宮田さんから後部座席を瞥見することも無く注意が飛ぶ。


「えー。だったらどっか寄って!そうじゃないと、お腹ペコペコで、倒れちゃう。」


「それなら、そこの煎餅食べていいですよ。」


「え!本当に!だってさ、カケルも食べたら?本当はお腹空いてんでしょ?」


「ふぁあ、まあ。宮田さんが言うなら。」


するとヒカルは1番上にあった胡麻煎餅の袋を開き、中の包装から煎餅を取り出して食べようとすると、宮田さんがこちらを向いて話す。


「あ!言い忘れていましたが、車内は基本飲食禁止。なので、煎餅の一片でも落としたら罰金です。」


「ふぇ?」


齧り付いた煎餅を噛み切る前でよかった。危うく大量の破片が飛び散るところだった。


「罰金ですか?ちなみにそれはいくらほど?」


「100円ですね。」


なんだ100円なんだ。それなら普通に食べて少し落としたくらいなら、お構いなしって感じだ。それを聞いて安心して食べようとするヒカルにその一言は待ったをかけた。


「一回ではなく、一欠片100円です。私は細かいので、ミリ退位のかけらでも一つですので悪しからず。」


それを聞いたヒカルは齧った煎餅を口元から離す。しばらく唾液で一部湿潤となった煎餅を見つめた後、その煎餅を自分の口元に持ってくる。


「ショーミー食べていいよ。もったいないから。それとも舐めてふやかして食べると言う手もあるけど?」


愛しい煎餅を羨望と欲望の眼差しで見つめるヒカル。


自分はその提案にのりたいような、のれないような。食べたいのか、食べたくないのかを問われれば、どちらかと言うと食べたい。


お腹も空いているし、そのいわゆる間接‥も味わえる本来ならダブルで美味しいコンビネーションだ。


ここは、意を決して煎餅を食べるべきなのか?それとも貰うだけ貰っておくべきか?この場合舐めるのは流石にちょっと‥と逡巡していると黒い奴が動く。


「ホレ!頂き!」


ヒカルの手からマルが口で煎餅を奪い取ると、噛み砕こうとする。


「ほぉれがほこでシャンへわたねら、いだばこもへるそ!(俺がここで煎餅食べたらいっぱい溢れるぞ!)」


とマルは言っている。そもそも脳内にテレパシーで伝わるはずなのに、喋りづらいところまで表現されてくる感じの悪さは謎だ。

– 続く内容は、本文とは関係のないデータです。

(* There is a deterministic Congested Clique algorithm which, on an input graph $G$ with arboricity $a\ge 2$, terminates within $O(a)$ rounds with every vertex knowing the entire edge set of $G$. Consequently, every problem whose solution is a computable function of the (unweighted) input graph $G$ can be solved deterministically in $O(a)$ rounds in the Congested Clique, with each vertex outputting its part of a common solution.
   Context: Congested Clique model: there are $n$ processors (vertices) with distinct IDs of $O(\log n)$ bits; computation proceeds in synchronous rounds; in each round every pair of vertices may exchange a message of $O(\log n)$ bits; local computation is unrestricted. The input is a graph $G=(V,E')$ on the same vertex set; each vertex initially knows its incident edges in $G$, and $a$ is known to all vertices. The arboricity of a graph is the minimum number of forests whose union covers its edge set. *)

theory Defs
  imports Main
begin

text \<open>Vertices are the processor IDs 0..n-1. A graph is given by an adjacency
  predicate E (symmetric, irreflexive, on vertex set {..<n}).\<close>

definition simple_graph :: "nat \<Rightarrow> (nat \<Rightarrow> nat \<Rightarrow> bool) \<Rightarrow> bool" where
  "simple_graph n E \<longleftrightarrow> (\<forall>u v. E u v \<longrightarrow> u < n \<and> v < n \<and> u \<noteq> v \<and> E v u)"

definition graph_edges :: "(nat \<Rightarrow> nat \<Rightarrow> bool) \<Rightarrow> nat set set" where
  "graph_edges E = {{u, v} | u v. E u v}"

definition has_cycle :: "nat set set \<Rightarrow> bool" where
  "has_cycle F \<longleftrightarrow> (\<exists>vs. 3 \<le> length vs \<and> distinct vs \<and>
      (\<forall>i < length vs. {vs ! i, vs ! ((i + 1) mod length vs)} \<in> F))"

definition forest :: "nat set set \<Rightarrow> bool" where
  "forest F \<longleftrightarrow> (\<forall>e \<in> F. card e = 2) \<and> \<not> has_cycle F"

definition arboricity :: "(nat \<Rightarrow> nat \<Rightarrow> bool) \<Rightarrow> nat" where
  "arboricity E = (LEAST k. \<exists>F :: nat \<Rightarrow> nat set set.
      (\<forall>i < k. forest (F i)) \<and> (\<Union>i < k. F i) = graph_edges E)"

text \<open>Local states are arbitrary finite data (encoded as lists of naturals);
  local computation is unrestricted (arbitrary HOL functions). Messages are
  natural numbers; the bandwidth restriction requires them to have O(log n) bits.
  All components may depend on n and a (known to all vertices) and on the
  vertex's own ID.\<close>

type_synonym cc_state = "nat list"

record cc_alg =
  cc_init  :: "nat \<Rightarrow> nat \<Rightarrow> nat \<Rightarrow> (nat \<Rightarrow> bool) \<Rightarrow> cc_state"
    \<comment> \<open>n, a, own ID, own adjacency \<open>\<mapsto>\<close> initial state\<close>
  cc_msg   :: "nat \<Rightarrow> nat \<Rightarrow> nat \<Rightarrow> cc_state \<Rightarrow> nat \<Rightarrow> nat"
    \<comment> \<open>n, a, own ID, state, recipient \<open>\<mapsto>\<close> message\<close>
  cc_trans :: "nat \<Rightarrow> nat \<Rightarrow> nat \<Rightarrow> cc_state \<Rightarrow> (nat \<Rightarrow> nat) \<Rightarrow> cc_state"
    \<comment> \<open>n, a, own ID, state, received messages (by sender) \<open>\<mapsto>\<close> new state\<close>
lemma prod_indicator_eq_indicator_box:
  fixes a b x :: "real^'n::finite"
  shows "(\<Prod>i\<in>UNIV. indicator {a$i<..<b$i} (x$i)) = (indicator (box a b) x :: real)"
proof (cases "x \<in> box a b")
  case True
  then show ?thesis by (simp add: mem_box_cart indicator_def)
next
  case False
  then obtain i where "\<not> (a$i < x$i \<and> x$i < b$i)" by (auto simp: mem_box_cart)
  then have "indicator {a$i<..<b$i} (x$i) = (0::real)" by (simp add: indicator_def)
  then have "(\<Prod>i\<in>UNIV. indicator {a$i<..<b$i} (x$i)) = (0::real)"
    by (intro prod_zero) auto
  then show ?thesis using False by simp
qed

lemma trig_poly_approx_indicator_box:
  fixes a b :: "real^'n::finite"
  obtains \<Phi> :: "nat \<Rightarrow> real^'n \<Rightarrow> real"
  where "\<And>k. trig_poly (\<Phi> k)" and "\<And>k x. \<bar>\<Phi> k x\<bar> \<le> 2 ^ CARD('n)"
    and "\<And>x. x \<in> box 0 1 \<Longrightarrow> (\<lambda>k. \<Phi> k x) \<longlonglongrightarrow> indicator (box a b) x"
proof -
  have "\<exists>\<psi>::nat \<Rightarrow> real \<Rightarrow> real. (\<forall>k. trig_poly (\<lambda>x::real^'n. \<psi> k (x$i))) \<and> (\<forall>k t. \<bar>\<psi> k t\<bar> \<le> 2) \<and>
     (\<forall>t. 0 < t \<and> t < 1 \<longrightarrow> (\<lambda>k. \<psi> k t) \<longlonglongrightarrow> indicator {a$i<..<b$i} t)" for i
    by (rule trig_poly_approx_indicator_interval[where a="a$i" and b="b$i" and i=i]) blast
  then obtain \<Psi> where \<Psi>_trig_poly: "\<And>i k. trig_poly (\<lambda>x::real^'n. \<Psi> i k (x$i))"
    and \<Psi>_bound: "\<And>i k t. \<bar>\<Psi> i k t\<bar> \<le> 2"
    and \<Psi>_lim: "\<And>i t. 0 < t \<Longrightarrow> t < 1 \<Longrightarrow> (\<lambda>k. \<Psi> i k t) \<longlonglongrightarrow> indicator {a$i<..<b$i} t"
    by metis
  show thesis
  proof (rule that[of "\<lambda>k x. \<Prod>i\<in>UNIV. \<Psi> i k (x$i)"])
    show "trig_poly (\<lambda>x. \<Prod>i\<in>UNIV. \<Psi> i k (x$i))" for k
      by (intro trig_poly_prod) (auto intro: \<Psi>_trig_poly)
    have "\<bar>\<Prod>i\<in>UNIV. \<Psi> i k (x$i)\<bar> \<le> (\<Prod>i\<in>(UNIV::'n set). 2)" for k x
      unfolding abs_prod by (intro prod_mono) (auto intro: \<Psi>_bound)
    then show "\<bar>\<Prod>i\<in>UNIV. \<Psi> i k (x$i)\<bar> \<le> 2 ^ CARD('n)" for k x by simp
    fix x :: "real^'n" assume "x \<in> box 0 1"
    then have "(\<lambda>k. \<Prod>i\<in>UNIV. \<Psi> i k (x$i)) \<longlonglongrightarrow> (\<Prod>i\<in>UNIV. indicator {a$i<..<b$i} (x$i))"
      by (intro tendsto_prod \<Psi>_lim) (auto simp: mem_box_cart)
    then show "(\<lambda>k. \<Prod>i\<in>UNIV. \<Psi> i k (x$i)) \<longlonglongrightarrow> indicator (box a b) x"
      unfolding prod_indicator_eq_indicator_box .
  qed
qed

section \<open>The fundamental lemma of the calculus of variations\<close>

lemma emeasure_density_integrable:
  fixes g :: "'a::euclidean_space \<Rightarrow> real"
  assumes gi: "integrable lborel g" and g0: "\<And>x. 0 \<le> g x" and A: "A \<in> sets borel"
  shows "emeasure (density lborel (\<lambda>x. ennreal (g x))) A = ennreal (\<integral>x. g x * indicator A x \<partial>lborel)"
proof -
  have gm: "g \<in> borel_measurable borel" using gi by (simp add: borel_measurable_integrable)
  have i2: "integrable lborel (\<lambda>x. g x * indicator A x)"
    using integrable_mult_indicator[of A lborel g] gi A by (simp add: mult.commute)
  have "emeasure (density lborel (\<lambda>x. ennreal (g x))) A = (\<integral>\<^sup>+ x. ennreal (g x) * indicator A x \<partial>lborel)"
    using gm A by (intro emeasure_density) auto
  also have "\<dots> = (\<integral>\<^sup>+ x. ennreal (g x * indicator A x) \<partial>lborel)"
    by (intro nn_integral_cong) (auto simp: indicator_def)
  also have "\<dots> = ennreal (\<integral>x. g x * indicator A x \<partial>lborel)"
    using i2 g0 by (intro nn_integral_eq_integral) auto
  finally show ?thesis .
qed

lemma density_eq_if_box_integrals_eq:
  fixes P Q :: "'a::euclidean_space \<Rightarrow> real"
  assumes P: "integrable lborel P" "\<And>x. 0 \<le> P x" and Q: "integrable lborel Q" "\<And>x. 0 \<le> Q x"
    and boxes: "\<And>a b. (\<integral>x. P x * indicator (box a b) x \<partial>lborel) = (\<integral>x. Q x * indicator (box a b) x \<partial>lborel)"
  shows "density lborel (\<lambda>x. ennreal (P x)) = density lborel (\<lambda>x. ennreal (Q x))"
proof (rule measure_eqI_generator_eq[where E="range (\<lambda>(a, b). box a b)" and \<Omega>=UNIV
      and A="\<lambda>n::nat. box (- (real n *\<^sub>R One)) (real n *\<^sub>R One)"])
  show "Int_stable (range (\<lambda>(a, b). box a b::'a set))"
    by (auto simp: Int_stable_def box_Int_box)
  show "range (\<lambda>(a, b). box a b::'a set) \<subseteq> Pow UNIV" by simp
  show "sets (density lborel (\<lambda>x. ennreal (P x))) = sigma_sets UNIV (range (\<lambda>(a, b). box a b))"
    and "sets (density lborel (\<lambda>x. ennreal (Q x))) = sigma_sets UNIV (range (\<lambda>(a, b). box a b))"
    by (simp_all add: borel_eq_box)
  show "range (\<lambda>n::nat. box (- (real n *\<^sub>R One)) (real n *\<^sub>R One)) \<subseteq> range (\<lambda>(a, b). box a b::'a set)"
    by auto
  show "(\<Union>n::nat. box (- (real n *\<^sub>R One)) (real n *\<^sub>R One)) = (UNIV::'a set)"
    by (rule UN_box_eq_UNIV)
  show "emeasure (density lborel (\<lambda>x. ennreal (P x))) (box (- (real n *\<^sub>R One)) (real n *\<^sub>R One)) \<noteq> \<infinity>" for n
    by (simp add: emeasure_density_integrable[OF P])
  show "emeasure (density lborel (\<lambda>x. ennreal (P x))) X = emeasure (density lborel (\<lambda>x. ennreal (Q x))) X"
    if "X \<in> range (\<lambda>(a, b). box a b)" for X
    using that boxes by (auto simp: emeasure_density_integrable[OF P] emeasure_density_integrable[OF Q])
qed

text \<open>Split \<open>V\<close> into its positive and negative parts: they have equal integrals over all
  boxes, hence equal densities, hence the positive part vanishes a.e.\ on \<open>{V > 0}\<close>.\<close>
lemma AE_nonpos_if_box_integrals_zero:
  fixes V :: "'a::euclidean_space \<Rightarrow> real"
  assumes Vi: "integrable lborel V"
    and box0: "\<And>a b. (\<integral>x. V x * indicator (box a b) x \<partial>lborel) = 0"
  shows "AE x in lborel. V x \<le> 0"
proof -
  define P where "P x = max 0 (V x)" for x
  define Q where "Q x = max 0 (- V x)" for x
  have Pi: "integrable lborel P" unfolding P_def using Vi by (intro integrable_max integrable_zero) auto
  have Qi: "integrable lborel Q" unfolding Q_def using Vi by (intro integrable_max integrable_zero integrable_minus) auto
  have P0: "\<And>x. 0 \<le> P x" and Q0: "\<And>x. 0 \<le> Q x" by (auto simp: P_def Q_def)
  have "(\<integral>x. P x * indicator (box a b) x \<partial>lborel) = (\<integral>x. Q x * indicator (box a b) x \<partial>lborel)" for a b
  proof -
    have "integrable lborel (\<lambda>x. P x * indicator (box a b) x)" "integrable lborel (\<lambda>x. Q x * indicator (box a b) x)"
      using integrable_mult_indicator[of "box a b" lborel P] integrable_mult_indicator[of "box a b" lborel Q] Pi Qi
      by (simp_all add: mult.commute)
    then have "(\<integral>x. P x * indicator (box a b) x \<partial>lborel) - (\<integral>x. Q x * indicator (box a b) x \<partial>lborel)
        = (\<integral>x. P x * indicator (box a b) x - Q x * indicator (box a b) x \<partial>lborel)"
      by simp
    also have "\<dots> = (\<integral>x. V x * indicator (box a b) x \<partial>lborel)"
      by (intro Bochner_Integration.integral_cong) (auto simp: P_def Q_def indicator_def)
    finally show ?thesis using box0 by simp
  qed
  then have dens: "density lborel (\<lambda>x. ennreal (P x)) = density lborel (\<lambda>x. ennreal (Q x))"
    by (rule density_eq_if_box_integrals_eq[OF Pi P0 Qi Q0])
  define S where "S = {x. 0 < V x}"
  have Sb: "S \<in> sets borel" unfolding S_def using Vi by (simp add: borel_measurable_integrable)
  have "(\<lambda>x. Q x * indicator S x) = (\<lambda>x. 0)"
    by (intro ext) (simp add: Q_def S_def indicator_def max_def)
  then have "ennreal (\<integral>x. P x * indicator S x \<partial>lborel) = 0"
    using arg_cong[OF dens, of "\<lambda>M. emeasure M S"]
    by (simp add: emeasure_density_integrable[OF Pi P0 Sb] emeasure_density_integrable[OF Qi Q0 Sb])
  moreover have "0 \<le> (\<integral>x. P x * indicator S x \<partial>lborel)"
    using P0 by (intro Bochner_Integration.integral_nonneg) auto
  ultimately have "(\<integral>x. P x * indicator S x \<partial>lborel) = 0" by simp
  moreover have "integrable lborel (\<lambda>x. P x * indicator S x)"
    using integrable_mult_indicator[of S lborel P] Pi Sb by (simp add: mult.commute)
  ultimately have "AE x in lborel. P x * indicator S x = 0"
    using integral_nonneg_eq_0_iff_AE[of lborel "\<lambda>x. P x * indicator S x"] P0 by simp
  then show ?thesis
    by eventually_elim (auto simp: P_def S_def indicator_def split: if_splits)
qed
lemma abs_cont_on_maxnorm_lt_supersolution:
  fixes f :: "real \<Rightarrow> 's::finite \<Rightarrow> real" and \<phi> \<phi>' :: "real \<Rightarrow> real"
  assumes ac: "abs_cont_on a T f"
    and deriv: "AE t in lborel. t \<in> {a..T} \<longrightarrow> (\<forall>i. \<exists>D. ((\<lambda>s. f s i) has_real_derivative D)
                  (at t within {a..T}) \<and> \<bar>D\<bar> \<le> \<alpha> + K * maxnorm (f t))"
    and "0 \<le> K"
    and \<phi>_deriv: "\<And>t. (\<phi> has_real_derivative \<phi>' t) (at t)"
    and \<phi>'_le: "\<And>t. t \<in> {a..T} \<Longrightarrow> \<phi>' t \<le> - \<alpha> - K * \<phi> t"
    and \<phi>_anti: "antimono_on {a..T} \<phi>"
    and terminal: "maxnorm (f T) < \<phi> T"
    and "t \<in> {a..T}"
  shows "maxnorm (f t) < \<phi> t"
proof (rule ccontr)
  \<comment> \<open>look at the last time \<open>s\<close> where \<open>\<phi>\<close> fails to dominate\<close>
  define S where "S = {a..T} \<inter> (\<lambda>t. maxnorm (f t) - \<phi> t) -` {0..}"
  assume "\<not> maxnorm (f t) < \<phi> t"
  with \<open>t \<in> {a..T}\<close> have "t \<in> S" by (simp add: S_def)
  have "continuous_on {a..T} (\<lambda>t. maxnorm (f t) - \<phi> t)"
    using abs_cont_on_continuous_maxnorm[OF ac] has_real_derivative_imp_continuous_on[OF \<phi>_deriv]
    by (intro continuous_on_diff) auto
  then have "closed S" unfolding S_def by (rule continuous_closed_preimage) auto
  moreover have "bdd_above S" unfolding S_def by (rule bdd_aboveI[of _ T]) auto
  ultimately have "Sup S \<in> S" using \<open>t \<in> S\<close> closed_contains_Sup by blast
  define s where "s = Sup S"
  have "s \<in> {a..T}" "\<phi> s \<le> maxnorm (f s)" using \<open>Sup S \<in> S\<close> by (auto simp: S_def s_def)
  have below: "maxnorm (f t) \<le> \<phi> t" if "t \<in> {s<..T}" for t
  proof (rule ccontr)
    assume "\<not> maxnorm (f t) \<le> \<phi> t"
    with that \<open>s \<in> {a..T}\<close> have "t \<in> S" by (auto simp: S_def)
    then have "t \<le> s" using \<open>bdd_above S\<close> unfolding s_def by (rule cSup_upper)
    with that show False by simp
  qed
  have "\<bar>f s i\<bar> \<le> \<phi> s - (\<phi> T - maxnorm (f T))" for i
  proof -
    have "\<sigma> * f s i - \<phi> s \<le> \<sigma> * f T i - \<phi> T" if "\<bar>\<sigma>\<bar> \<le> 1" for \<sigma>
      using \<open>s \<in> {a..T}\<close> ac deriv \<open>0 \<le> K\<close> \<phi>_deriv \<phi>'_le \<phi>_anti below that
      by (intro abs_cont_on_component_le_supersolution) auto
    from this[of 1] this[of "-1"] show ?thesis
      using abs_le_maxnorm[of "f T" i] by (simp add: abs_le_iff)
  qed
  then have "maxnorm (f s) \<le> \<phi> s - (\<phi> T - maxnorm (f T))"
    by (rule maxnorm_leI)
  with terminal \<open>\<phi> s \<le> maxnorm (f s)\<close> show False by simp
qed

lemma abs_cont_on_maxnorm_gronwall:
  fixes f :: "real \<Rightarrow> 's::finite \<Rightarrow> real"
  assumes ac: "abs_cont_on a T f"
    and deriv: "AE t in lborel. t \<in> {a..T} \<longrightarrow> (\<forall>i. \<exists>D. ((\<lambda>s. f s i) has_real_derivative D)
                  (at t within {a..T}) \<and> \<bar>D\<bar> \<le> \<alpha> + K * maxnorm (f t))"
    and "0 \<le> \<alpha>" and "0 \<le> K" and terminal: "maxnorm (f T) \<le> c" and "t \<in> {a..T}"
  shows "maxnorm (f t) \<le> (c + \<alpha> * (T - t)) * exp (K * (T - t))"
proof (rule field_le_epsilon)
  fix e :: real assume "0 < e"
  have "0 \<le> c" using terminal maxnorm_nonneg[of "f T"] by linarith
  \<comment> \<open>the Gronwall bound with \<open>c\<close> and \<open>\<alpha>\<close> enlarged by \<open>e\<close> is a strict supersolution\<close>
  define \<phi> where "\<phi> e s = (c + e + (\<alpha> + e) * (T - s)) * exp (K * (T - s))" for e s
  define B where "B = (1 + (T - t)) * exp (K * (T - t))"
  have "0 < B" using \<open>t \<in> {a..T}\<close> by (simp add: B_def)
  then have "0 < e / B" using \<open>0 < e\<close> by simp
  have lt: "maxnorm (f t) < \<phi> (e / B) t"
  proof (rule abs_cont_on_maxnorm_lt_supersolution[OF ac deriv \<open>0 \<le> K\<close> _ _ _ _ \<open>t \<in> {a..T}\<close>])
    show "(\<phi> (e / B) has_real_derivative
        - ((\<alpha> + e / B) * exp (K * (T - s))) - K * \<phi> (e / B) s) (at s)" for s
      unfolding \<phi>_def by (rule derivative_eq_intros refl | simp add: algebra_simps)+
    show "- ((\<alpha> + e / B) * exp (K * (T - s))) - K * \<phi> (e / B) s \<le> - \<alpha> - K * \<phi> (e / B) s"
      if "s \<in> {a..T}" for s
    proof -
      have "1 \<le> exp (K * (T - s))" using that \<open>0 \<le> K\<close> by simp
      then have "\<alpha> + e / B \<le> (\<alpha> + e / B) * exp (K * (T - s))"
        using \<open>0 \<le> \<alpha>\<close> \<open>0 < e / B\<close> by (simp add: mult_le_cancel_left1)
      then have "- ((\<alpha> + e / B) * exp (K * (T - s))) \<le> - \<alpha>" using \<open>0 < e / B\<close> by linarith
      then show ?thesis by linarith
    qed
    show "antimono_on {a..T} (\<phi> (e / B))"
      unfolding monotone_on_def \<phi>_def
      using \<open>0 \<le> c\<close> \<open>0 \<le> \<alpha>\<close> \<open>0 < e / B\<close> \<open>0 \<le> K\<close>
      by (auto intro!: mult_mono add_mono mult_left_mono)
    show "maxnorm (f T) < \<phi> (e / B) T"
      using terminal \<open>0 < e / B\<close> by (simp add: \<phi>_def)
  qed
  have "\<phi> d t = (c + \<alpha> * (T - t)) * exp (K * (T - t)) + d * B" for d
    unfolding \<phi>_def B_def by (simp add: algebra_simps)
  with lt \<open>0 < B\<close> show "maxnorm (f t) \<le> (c + \<alpha> * (T - t)) * exp (K * (T - t)) + e"
    by simp
qed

「待って早まってはダメよ。ミカエル。そのライスクラッカーには私の唾液と、あなたの唾液が付いた聖遺物。それを解き放てば、サマエルの怒りを買うわ!」


なんかコードネームで呼ぶとそれっぽい。


単に宮田さんに怒られるだけの事を世界壊れるくらいの勢いで話せてる凄さたるや。


しかも煎餅、いやライスクラッカーが聖遺物なってるのどういうことですか?誰か教えて!


「ほぉれはほおいがゆふせねえ!めなもとみせとやふ!(俺はこいつが許せねぇ!目にモノ見せてやる!)」


と言ったマルは煎餅を噛み砕くことが出来なかった。


歯にくっついた煎餅が見事お口にフィットしたため、噛み砕けなかったのだ。


「ほぉれをはすけ!(これを外せ!)」


と言っているマルはかなり面白く、ヒカルも大爆笑していた。もちろん写真に納めて動画も撮影しない訳はない。


フガフガ言ってるマルを放置するわけにもいかず、口に咥えた煎餅を外してやろうとするが、なかなか難しい。


「だめだな。煎餅割らないと無理だ。」


「ちょっと。それはダメ。溢れるじゃない。」


ヒカルの言う通り煎餅をここで割ると破片が飛んで大変なことになる。その結果マルはこのまま目的地までフガフガすることとなった。